[The input]

lemma sigma_wfun_at_zero:
  assumes "0 < lam 1" "0 < lam 2" "0 < lam 3" "l \<in> {1, 2, 3}"
  shows "sigma lam (\<lambda>_. 0) l < wfun lam (\<lambda>_. 0) l"
    and "0 < sigma lam (\<lambda>_. 0) l + wfun lam (\<lambda>_. 0) l"
proof -
  have pos: "0 < lam l" "0 < lam (oth1 l)" "0 < lam (oth2 l)"
    using assms by (auto simp: oth1_def oth2_def)
  show "sigma lam (\<lambda>_. 0) l < wfun lam (\<lambda>_. 0) l"
    using gfun_zero_zero_pos[OF pos(2,3)] by (simp add: wfun_def)
  show "0 < sigma lam (\<lambda>_. 0) l + wfun lam (\<lambda>_. 0) l"
    using gfun_zero_zero_sigma_plus_pos[OF pos] by (simp add: wfun_def sigma_at_zero)
qed

lemma tau_at_zero:
  "tau lam (\<lambda>_. 0) l = sigma lam (\<lambda>_. 0) l * (3 * wfun lam (\<lambda>_. 0) l - sigma lam (\<lambda>_. 0) l)
     / (wfun lam (\<lambda>_. 0) l * (sigma lam (\<lambda>_. 0) l + wfun lam (\<lambda>_. 0) l))"
proof -
  have "(s\<^sup>2 - 3 * w * s) / (- (w * s) - w\<^sup>2) = s * (3 * w - s) / (w * (s + w))" for s w :: real
  proof -
    have "s\<^sup>2 - 3 * w * s = - (s * (3 * w - s))" "- (w * s) - w\<^sup>2 = - (w * (s + w))"
      by (simp_all add: algebra_simps power2_eq_square)
    then show ?thesis by simp
  qed
  then show ?thesis by (simp add: tau_def)
qed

[/The input]

Lines holding the word "lambda" in the entries above are the ones to pull out. Copy them all.

* Answer to this problem *
  shows "sigma lam (\<lambda>_. 0) l < wfun lam (\<lambda>_. 0) l"
    and "0 < sigma lam (\<lambda>_. 0) l + wfun lam (\<lambda>_. 0) l"
  show "sigma lam (\<lambda>_. 0) l < wfun lam (\<lambda>_. 0) l"
  show "0 < sigma lam (\<lambda>_. 0) l + wfun lam (\<lambda>_. 0) l"
  "tau lam (\<lambda>_. 0) l = sigma lam (\<lambda>_. 0) l * (3 * wfun lam (\<lambda>_. 0) l - sigma lam (\<lambda>_. 0) l)
     / (wfun lam (\<lambda>_. 0) l * (sigma lam (\<lambda>_. 0) l + wfun lam (\<lambda>_. 0) l))"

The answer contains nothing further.